Will puberty blockers ease the gender dysphoria associated with any of the following:

  • Pubertal development – YES
  • Delayed puberty – NO
  • Social prejudice – NO
  • Family dissonance – NO
  • School bullying – NO
  • Barriers to medical care – NO

It’s all about the way the question is framed. If NICE had asked ‘Do puberty blockers prevent further progression of the secondary sex characteristics that occur during and after puberty?’ the response would have been a resounding yes.

Instead the question they seem to want answered is whether there is enough good evidence that blockers can safely reduce gender dysphoria and improve outcomes. However, there are so many other facets that impact that outcome.

We know that puberty blockers are effective at blocking puberty. As a secondary effect, they may indeed allow a young person more time, and ease the distress caused by the body’s development, but on their own they cannot be expected to fully ease gender dysphoria.
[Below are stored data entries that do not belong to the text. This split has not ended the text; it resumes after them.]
section \<open>Reductions from vanishing linear forms\<close>

definition vanishes_on_perp :: "nat list \<Rightarrow> (nat \<Rightarrow> int) \<Rightarrow> bool" where
  "vanishes_on_perp A w \<longleftrightarrow> (\<forall>x\<in>lamPerpB A. (\<Sum>l<length A. w l * x!l) = 0)"

lemma sred_of_vanishing_form:
  assumes pA: "is_partition A" and w: "vanishes_on_perp A w"
    and S: "S = {l. l < length A \<and> w l \<noteq> 0}" and ne: "S \<noteq> {}"
  shows "\<exists>rho. sred A rho \<and> length rho = card S"
proof -
  have finS: "finite S" using S by simp
  let ?L = "sorted_list_of_set S"
  let ?m = "card S"
  define V where "V = map (\<lambda>l. nat \<bar>w l\<bar>) ?L"
  define rho where "rho = rev (sort V)"
  have lr: "length rho = ?m" and lV: "length V = ?m" using finS by (simp_all add: rho_def V_def)
  have mr: "mset rho = mset V" by (simp add: rho_def)
  have pr: "is_partition rho" unfolding is_partition_def
  proof (intro conjI ballI)
    show "rho \<noteq> []" using lr ne finS by auto
    show "sorted_wrt (\<ge>) rho" by (simp add: rho_def sorted_wrt_rev)
    fix x assume "x \<in> set rho"
    then have "x \<in> set V" using mr by (metis set_mset_mset)
    then show "x \<ge> 1" using finS S by (auto simp: V_def)
  qed
  obtain f where f: "bij_betw f {..<?m} {..<?m}" "\<forall>i<?m. rho!i = V!(f i)"
    using permutation_Ex_bij[of rho V] mr lr lV by auto
  define g where "g j = ?L!(f j)" for j
  have bg: "bij_betw g {..<?m} S"
    using bij_betw_trans[OF f(1) bij_betw_nth_sorted_list_of_set[OF finS]]
    unfolding g_def by (simp add: o_def)
  have gS: "g j \<in> S" if "j < ?m" for j using bg that bij_betwE by blast
  have rho_g: "int (rho!j) = \<bar>w (g j)\<bar>" if "j < ?m" for j
    using f that bij_betwE[OF f(1)] finS by (simp add: V_def g_def)
  have "sred A rho"
  proof (rule sredI[where g=g and s="\<lambda>j. sgn (w (g j))", OF pA pr])
    show "inj_on g {..<length rho}" using bg bij_betw_imp_inj_on lr by metis
    show "g ` {..<length rho} \<subseteq> {..<length A}" using bg S lr bij_betw_imp_surj_on by fastforce
    show "\<forall>j<length rho. sgn (w (g j)) \<in> {-1,1}" using gS S lr by (auto simp: sgn_if)
    show "\<forall>x\<in>lamPerpB A. (\<Sum>j<length rho. sgn (w (g j)) * int (rho!j) * x!(g j)) = 0"
    proof
      fix x assume x: "x \<in> lamPerpB A"
      have "(\<Sum>j<length rho. sgn (w (g j)) * int (rho!j) * x!(g j)) = (\<Sum>j<?m. (\<lambda>l. w l * x!l) (g j))"
        using lr rho_g by (intro sum.cong) (simp_all add: sgn_mult_abs)
      also have "\<dots> = (\<Sum>l\<in>S. w l * x!l)" by (rule sum.reindex_bij_betw[OF bg])
      also have "\<dots> = (\<Sum>l<length A. w l * x!l)"
        by (rule sum.mono_neutral_left) (auto simp: S)
      also have "\<dots> = 0" using w x unfolding vanishes_on_perp_def by blast
      finally show "(\<Sum>j<length rho. sgn (w (g j)) * int (rho!j) * x!(g j)) = 0" .
    qed
  qed
  then show ?thesis using lr by blast
qed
The pain and distress in adolescents who face prejudice and barriers to living in their authentic gender identity cannot be alleviated by a three-monthly injection alone.

If this review of the existing research results in access to this essential component of gender-affirming medical intervention being restricted, it would be a travesty, tantamount to child abuse inflicted by those whose role it is to care for children.

The use of puberty blockers is standard practice in centres of excellence across the world. While new, ethically-grounded research data is always welcome, when assessing how best to help transgender children the NHS must seriously consider the right questions to ask. Failure to do so merely serves to perpetuate the hysteria.